Pozytywne myślenie nie stanowi jednak panaceum na wszystkie bolączki. Chociaż pomaga wcielić w życie różne plany i daje napęd do działania, nie jest czynnikiem decydującym o odniesieniu sukcesu. W tym przypadku znacznie ważniejsze są kompetencje, wiedza czy wsparcie społeczne. W pewnych okolicznościach optymizm może być nawet szkodliwy. Dowiedli tego naukowcy z Uniwersytetu Kalifornijskiego, którzy wykazali, że popularna technika wizualizacji sukcesu jest nieskuteczna, jeżeli koncentruje się na rezultacie działania (np. świętowaniu zdanej sesji), a nie na kolejnych etapach realizacji zadania (tj. przygotowaniu do egzaminów). Wyobrażanie sobie wyłącznie nagrody czekającej u kresu drogi skutkuje wrażeniem, że cel już został osiągnięty, co demotywuje.

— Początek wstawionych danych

(* Let $(H,f)$ be a vertex-weighted graph with $H$ connected and $f$ not identically zero, and let $G=L(H,f)$. If $k(G)=1$, then at least one of the following holds: (i) $f(v)=1$ for some vertex $v$ of $H$; (ii) there exists a vertex $v$ of $H$ with $f(v)=0$ such that $K_H(v)$ contains a simplicial vertex of $G$.
   Context: All graphs are finite and simple. For a digraph $D$, its competition graph $C(D)$ has vertex set $V(D)$, two distinct vertices $u,v$ adjacent iff some vertex $x$ satisfies $(u,x),(v,x)\in A(D)$. The competition number $k(G)$ is the smallest nonnegative integer $k$ such that $G$ together with $k$ new isolated vertices is the competition graph of an acyclic digraph. For a positive integer $m$, $CP(m)$ is the complete multipartite graph with $m$ parts each of size two. A vertex-weighted graph $(H,f)$ is a graph $H$ with $f:V(H)\to\mathbb{Z}_{\ge0}$. The generalized line graph $L(H,f)$ is obtained from the disjoint union of the line graph $L(H)$ (vertex set $E(H)$, two distinct edges adjacent iff they share an endpoint) and the graphs $Q_v:=CP(f(v))$ for each $v$ with $f(v)>0$, by adding all edges between every vertex of $Q_v$ and every $e\in E(H)$ incident to $v$. $K_H(v)$ is the set of edges of $H$ incident to $v$. A vertex is simplicial if its neighborhood is a clique. *)

theory Defs
  imports Main
begin

definition simple_graph :: "'a set \<Rightarrow> 'a set set \<Rightarrow> bool" where
  "simple_graph V E \<longleftrightarrow> finite V \<and> (\<forall>e\<in>E. e \<subseteq> V \<and> card e = 2)"

definition connected_graph :: "'a set \<Rightarrow> 'a set set \<Rightarrow> bool" where
  "connected_graph V E \<longleftrightarrow> V \<noteq> {} \<and>
     (\<forall>u\<in>V. \<forall>v\<in>V. (u, v) \<in> {(x, y). {x, y} \<in> E}\<^sup>*)"

definition competition_edges :: "'a set \<Rightarrow> ('a \<times> 'a) set \<Rightarrow> 'a set set" where
  "competition_edges V A = {{u, v} | u v. u \<in> V \<and> v \<in> V \<and> u \<noteq> v \<and>
      (\<exists>x. (u, x) \<in> A \<and> (v, x) \<in> A)}"

text \<open>G together with k new isolated vertices (tagged Inr) is the competition graph of an
  acyclic digraph.\<close>
definition comp_representable :: "'a set \<Rightarrow> 'a set set \<Rightarrow> nat \<Rightarrow> bool" where
  "comp_representable V E k \<longleftrightarrow>
     (\<exists>A :: (('a + nat) \<times> ('a + nat)) set.
        A \<subseteq> (Inl ` V \<union> Inr ` {..<k}) \<times> (Inl ` V \<union> Inr ` {..<k}) \<and> acyclic A \<and>
        competition_edges (Inl ` V \<union> Inr ` {..<k}) A = (\<lambda>e. Inl ` e) ` E)"

definition competition_number :: "'a set \<Rightarrow> 'a set set \<Rightarrow> nat" where
  "competition_number V E = (LEAST k. comp_representable V E k)"

definition simplicial :: "'a set \<Rightarrow> 'a set set \<Rightarrow> 'a \<Rightarrow> bool" where
  "simplicial V E x \<longleftrightarrow>
     (\<forall>u\<in>V. \<forall>w\<in>V. {x, u} \<in> E \<and> {x, w} \<in> E \<and> u \<noteq> w \<longrightarrow> {u, w} \<in> E)"

text \<open>Generalized line graph L(H,f). Vertices: Inl e for edges e of H, and
  Inr (v, i, b) for v with i < f v, b :: bool, forming CP(f v) with parts
  {(v,i,False),(v,i,True)}.\<close>
definition gl_vertices :: "'a set \<Rightarrow> 'a set set \<Rightarrow> ('a \<Rightarrow> nat) \<Rightarrow> ('a set + ('a \<times> nat \<times> bool)) set" where
  "gl_vertices VH EH f = Inl ` EH \<union> {Inr (v, i, b) | v i b. v \<in> VH \<and> i < f v}"

definition gl_edges :: "'a set \<Rightarrow> 'a set set \<Rightarrow> ('a \<Rightarrow> nat) \<Rightarrow> ('a set + ('a \<times> nat \<times> bool)) set set" where
  "gl_edges VH EH f =
     {{Inl e, Inl e'} | e e'. e \<in> EH \<and> e' \<in> EH \<and> e \<noteq> e' \<and> e \<inter> e' \<noteq> {}}
   \<union> {{Inr (v, i, b), Inr (v, j, c)} | v i j b c. v \<in> VH \<and> i < f v \<and> j < f v \<and> i \<noteq> j}
   \<union> {{Inr (v, i, b), Inl e} | v i b e. v \<in> VH \<and> i < f v \<and> e \<in> EH \<and> v \<in> e}"

end

theory Submission
  imports Defs
begin

text \<open>An acyclic digraph whose competition graph is G plus one isolated vertex z has a vertex x of G
  with no prey in G (a sink of the arcs restricted to G). Every neighbour of x shares a prey with x,
  which can only be z; hence all neighbours of x prey on z and form a clique: x is simplicial.
  In L(H,f) each part of Q_v is a non-adjacent pair lying in the neighbourhood of every other
  vertex of Q_v and of every edge of H at v. So a simplicial vertex of Q_v forces f v = 1, and a
  simplicial edge of H forces f = 0 at both of its ends.\<close>

lemma comp_representable_card_edges:
  assumes "finite V" and edges: "\<forall>e\<in>E. e \<subseteq> V \<and> card e = 2"
  shows "comp_representable V E (card E)"
proof -
  have "finite E"
    using assms by (meson Pow_iff finite_Pow_iff rev_finite_subset subsetI)
  then obtain g where g: "bij_betw g {..<card E} E"
    using ex_bij_betw_nat_finite by (auto simp: atLeast0LessThan)
  have gE: "g i \<in> E" if "i < card E" for i
    using g that by (auto simp: bij_betw_def)
  let ?V' = "Inl ` V \<union> Inr ` {..<card E} :: ('a + nat) set"
  define A :: "(('a + nat) \<times> ('a + nat)) set"
    where "A = {(Inl u, Inr i) | u i. i < card E \<and> u \<in> g i}"
  have "A \<subseteq> ?V' \<times> ?V'"
    unfolding A_def using gE edges by auto
  moreover have "acyclic A"
  proof -
    have "x \<in> range Inl \<and> y \<in> range Inr" if "(x, y) \<in> A\<^sup>+" for x y
      using that by (induction rule: trancl_induct) (auto simp: A_def)
    then show ?thesis unfolding acyclic_def by fastforce
  qed
  moreover have "competition_edges ?V' A = (\<lambda>e. Inl ` e) ` E"
  proof
    show "competition_edges ?V' A \<subseteq> (\<lambda>e. Inl ` e) ` E"
    proof
      fix s :: "('a + nat) set" assume "s \<in> competition_edges ?V' A"
      then obtain u w i where uw: "s = {Inl u, Inl w}" "u \<noteq> w" "i < card E" "u \<in> g i" "w \<in> g i"
        unfolding competition_edges_def A_def by blast
      have "card (g i) = 2" using gE edges uw(3) by auto
      then have "g i = {u, w}"
        using uw by (metis card_2_iff doubleton_eq_iff insertE singletonD)
      then show "s \<in> (\<lambda>e. Inl ` e) ` E" using gE uw by auto
    qed
  next
    show "(\<lambda>e. Inl ` e) ` E \<subseteq> competition_edges ?V' A"
    proof
      fix s :: "('a + nat) set" assume "s \<in> (\<lambda>e. Inl ` e) ` E"
      then obtain e where e: "e \<in> E" "s = Inl ` e" by auto
      then obtain i where i: "i < card E" "g i = e"
        using g unfolding bij_betw_def by (metis image_iff lessThan_iff)
      obtain u w where uw: "e = {u, w}" "u \<noteq> w" using edges e card_2_iff by metis
      have "u \<in> V" "w \<in> V" using edges e uw by auto
      moreover have "(Inl u, Inr i) \<in> A" "(Inl w, Inr i) \<in> A" unfolding A_def using i uw by auto
      ultimately show "s \<in> competition_edges ?V' A"
        unfolding competition_edges_def using e uw by blast
    qed
  qed
  ultimately show ?thesis unfolding comp_representable_def by blast
qed

lemma comp_representable_competition_number:
  assumes "finite V" and "\<forall>e\<in>E. e \<subseteq> V \<and> card e = 2"
  shows "comp_representable V E (competition_number V E)"
  unfolding competition_number_def
  using comp_representable_card_edges[OF assms] by (rule LeastI)

lemma comp_representable_one_imp_simplicial:
  assumes "finite V" and "V \<noteq> {}" and "comp_representable V E 1"
  shows "\<exists>x\<in>V. simplicial V E x"
proof -
  let ?W = "Inl ` V \<union> Inr ` {..<1} :: ('a + nat) set"
  obtain A where A: "A \<subseteq> ?W \<times> ?W" "acyclic A" and comp: "competition_edges ?W A = (\<lambda>e. Inl ` e) ` E"
    using assms(3) unfolding comp_representable_def by blast
  have "finite A"
    using A(1) assms(1) by (meson finite_Un finite_SigmaI finite_imageI finite_lessThan finite_subset)
  then have "wf (A\<inverse>)" using A(2) by (simp add: finite_acyclic_wf acyclic_converse)
  then obtain y where y: "y \<in> Inl ` V" and min: "\<And>z. (z, y) \<in> A\<inverse> \<Longrightarrow> z \<notin> Inl ` V"
    using assms(2) by (metis empty_is_image ex_in_conv wfE_min)
  then obtain x where x: "y = Inl x" "x \<in> V" by auto
  have no_prey_in_V: "(Inl x, Inl z) \<notin> A" if "z \<in> V" for z
    using min x(1) that by blast
  have edge_iff: "{Inl u, Inl w} \<in> competition_edges ?W A \<longleftrightarrow> {u, w} \<in> E" for u w :: 'a
  proof -
    have "Inl ` {u, w} \<in> (\<lambda>e. Inl ` e) ` E \<longleftrightarrow> {u, w} \<in> E"
      by (rule inj_image_mem_iff) (simp add: inj_on_def inj_image_eq_iff)
    then show ?thesis using comp by simp
  qed
  have preys_on_new: "(Inl u, Inr 0) \<in> A" if "{x, u} \<in> E" for u
  proof -
    have "{Inl x, Inl u} \<in> competition_edges ?W A" using that edge_iff by blast
    then obtain a b p where ab: "{Inl x, Inl u} = {a, b}" "(a, p) \<in> A" "(b, p) \<in> A"
      unfolding competition_edges_def by blast
    then have p: "(Inl x, p) \<in> A" "(Inl u, p) \<in> A"
      by (auto simp: doubleton_eq_iff)
    have "p \<in> ?W" using A(1) p(1) by blast
    then have "p = Inr 0" using no_prey_in_V p(1) by auto
    then show ?thesis using p by simp
  qed
  have "simplicial V E x"
    unfolding simplicial_def
  proof (intro ballI impI)
    fix u w assume "u \<in> V" "w \<in> V" "{x, u} \<in> E \<and> {x, w} \<in> E \<and> u \<noteq> w"
    then have "{Inl u, Inl w} \<in> competition_edges ?W A"
      using preys_on_new unfolding competition_edges_def by blast
    then show "{u, w} \<in> E" using edge_iff by blast
  qed
  then show ?thesis using x(2) by blast
qed

lemma finite_gl_vertices:
  assumes "simple_graph VH EH"
  shows "finite (gl_vertices VH EH f)"
proof -
  have "finite VH" and "EH \<subseteq> Pow VH"
    using assms unfolding simple_graph_def by auto
  then have "finite EH" by (meson finite_Pow_iff finite_subset)
  have "{Inr (v, i, b) | v i b. v \<in> VH \<and> i < f v} =
      (Inr ` (SIGMA v:VH. {..<f v} \<times> UNIV) :: ('a set + 'a \<times> nat \<times> bool) set)"
    by auto
  also have "finite \<dots>"
    using \<open>finite VH\<close> by (intro finite_imageI finite_SigmaI) auto
  finally show ?thesis
    unfolding gl_vertices_def using \<open>finite EH\<close> by simp
qed

lemma gl_edges_two_subsets: "\<forall>e\<in>gl_edges VH EH f. e \<subseteq> gl_vertices VH EH f \<and> card e = 2"
  unfolding gl_edges_def gl_vertices_def by (auto simp: card_insert_if)

lemma gl_edges_clique:
  "v \<in> VH \<Longrightarrow> i < f v \<Longrightarrow> j < f v \<Longrightarrow> i \<noteq> j \<Longrightarrow> {Inr (v, i, b), Inr (v, j, c)} \<in> gl_edges VH EH f"
  unfolding gl_edges_def by (rule UnI1, rule UnI2) blast

lemma gl_edges_incident:
  "v \<in> VH \<Longrightarrow> i < f v \<Longrightarrow> e \<in> EH \<Longrightarrow> v \<in> e \<Longrightarrow> {Inl e, Inr (v, i, b)} \<in> gl_edges VH EH f"
  unfolding gl_edges_def by (rule UnI2) (auto simp: insert_commute)

lemma gl_edges_part_nonadjacent: "{Inr (v, j, False), Inr (v, j, True)} \<notin> gl_edges VH EH f"
  unfolding gl_edges_def by (auto simp: doubleton_eq_iff)

lemma not_simplicial_if_adjacent_to_part:
  assumes "{x, Inr (v, j, False)} \<in> gl_edges VH EH f" "{x, Inr (v, j, True)} \<in> gl_edges VH EH f"
    and "v \<in> VH" "j < f v"
  shows "\<not> simplicial (gl_vertices VH EH f) (gl_edges VH EH f) x"
proof
  assume "simplicial (gl_vertices VH EH f) (gl_edges VH EH f) x"
  moreover have "Inr (v, j, b) \<in> gl_vertices VH EH f" for b
    using assms(3,4) unfolding gl_vertices_def by blast
  ultimately have "{Inr (v, j, False), Inr (v, j, True)} \<in> gl_edges VH EH f"
    using assms(1,2) unfolding simplicial_def by blast
  then show False by (simp add: gl_edges_part_nonadjacent)
qed

lemma simplicial_gl_clique_vertex:
  assumes "simplicial (gl_vertices VH EH f) (gl_edges VH EH f) (Inr (v, i, b))"
    and "v \<in> VH" "i < f v"
  shows "f v = 1"
proof (rule ccontr)
  assume "f v \<noteq> 1"
  define j where "j = (if i = 0 then 1 else 0 :: nat)"
  have "j < f v" "i \<noteq> j" using \<open>f v \<noteq> 1\<close> assms(3) unfolding j_def by auto
  then have "{Inr (v, i, b), Inr (v, j, c)} \<in> gl_edges VH EH f" for c
    using assms(2,3) by (intro gl_edges_clique)
  from not_simplicial_if_adjacent_to_part[OF this this assms(2) \<open>j < f v\<close>] assms(1)
  show False ..
qed

lemma simplicial_gl_edge_vertex:
  assumes "simplicial (gl_vertices VH EH f) (gl_edges VH EH f) (Inl e)"
    and "e \<in> EH" "v \<in> e" "v \<in> VH"
  shows "f v = 0"
proof (rule ccontr)
  assume "f v \<noteq> 0"
  then have "0 < f v" by simp
  then have "{Inl e, Inr (v, 0, b)} \<in> gl_edges VH EH f" for b
    using assms(2-4) by (intro gl_edges_incident)
  from not_simplicial_if_adjacent_to_part[OF this this assms(4) \<open>0 < f v\<close>] assms(1)
  show False ..
qed

theorem theorem2p8:
  fixes VH :: "'a set" and EH :: "'a set set" and f :: "'a \<Rightarrow> nat"
  assumes "simple_graph VH EH"
    and "connected_graph VH EH"
    and "\<exists>v\<in>VH. f v \<noteq> 0"
    and "competition_number (gl_vertices VH EH f) (gl_edges VH EH f) = 1"
  shows "(\<exists>v\<in>VH. f v = 1) \<or>
         (\<exists>v\<in>VH. f v = 0 \<and> (\<exists>e\<in>EH. v \<in> e \<and>
             simplicial (gl_vertices VH EH f) (gl_edges VH EH f) (Inl e)))"
proof -
  let ?V = "gl_vertices VH EH f" and ?E = "gl_edges VH EH f"
  have "finite ?V" using assms(1) by (rule finite_gl_vertices)
  moreover have "?V \<noteq> {}" using assms(3) unfolding gl_vertices_def by auto
  moreover have "comp_representable ?V ?E 1"
    using comp_representable_competition_number[OF \<open>finite ?V\<close> gl_edges_two_subsets] assms(4) by simp
  ultimately obtain x where x: "x \<in> ?V" "simplicial ?V ?E x"
    using comp_representable_one_imp_simplicial by blast
  show ?thesis
  proof (cases x)
    case (Inr t)
    with x(1) obtain v i b where x_eq: "x = Inr (v, i, b)" and "v \<in> VH" "i < f v"
      unfolding gl_vertices_def by blast
    have "f v = 1"
      using simplicial_gl_clique_vertex[OF x(2)[unfolded x_eq] \<open>v \<in> VH\<close> \<open>i < f v\<close>] .
    then show ?thesis using \<open>v \<in> VH\<close> by blast
  next
    case (Inl e)
    with x(1) have "e \<in> EH" unfolding gl_vertices_def by auto
    with assms(1) have "e \<subseteq> VH" "card e = 2" unfolding simple_graph_def by auto
    then obtain u where "u \<in> e" "u \<in> VH" by (auto simp: card_2_iff)
    have "f u = 0"
      using simplicial_gl_edge_vertex[OF x(2)[unfolded Inl] \<open>e \<in> EH\<close> \<open>u \<in> e\<close> \<open>u \<in> VH\<close>] .
    then show ?thesis using \<open>u \<in> e\<close> \<open>u \<in> VH\<close> \<open>e \<in> EH\<close> x(2) Inl by blast
  qed
qed

end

Pozytywne myślenie staje się więc groźne zwłaszcza wtedy, gdy zmienia się w myślenie życzeniowe lub magiczne przekonanie, że zmiany w życiu dokonają się same – wystarczy o nich pomyśleć. Badacze z Uniwersytetu Ontario sugerują również, że entuzjastyczne autoafirmacje (np. „jestem inteligentny", „czeka mnie cudowny dzień") pomagają wyłącznie osobom… z wysoką samooceną. Osoby z niskim poczuciem własnej wartości doświadczają bowiem dysonansu, czyli niezgodności pomiędzy treścią komunikatu a wewnętrznym przekonaniem na swój temat. W efekcie czują się jeszcze bardziej przygnębione. Podobny efekt zaobserwowali naukowcy z Michigan, którzy stwierdzili, że skierowana do pesymistów prośba o redukcję negatywnych emocji (np. w postaci komunikatu „myśl pozytywnie, wszystko będzie dobrze") działa na nich odwrotnie, nasilając odczuwane napięcie i potęgując zły nastrój.
SZCZĘŚCIE JAK CEBULA
Psycholog prof. Janusz Czapiński uważa, że poczucie szczęścia przypomina cebulę. Na jej wewnętrzną warstwę składa się podstawowa wola przetrwania, stanowiąca źródło optymizmu i nadziei. Warstwa środkowa zależy od ogólnej satysfakcji z życia, a zewnętrzna od zadowolenia z jego konkretnych aspektów, np. relacji z małżonkiem lub statusu materialnego. Oznacza to, że optymizm i dobre samopoczucie czerpiemy z własnego wnętrza, natomiast o przygnębieniu i utracie nadziei decydują czynniki zewnętrzne, takie jak brak pracy czy choroba.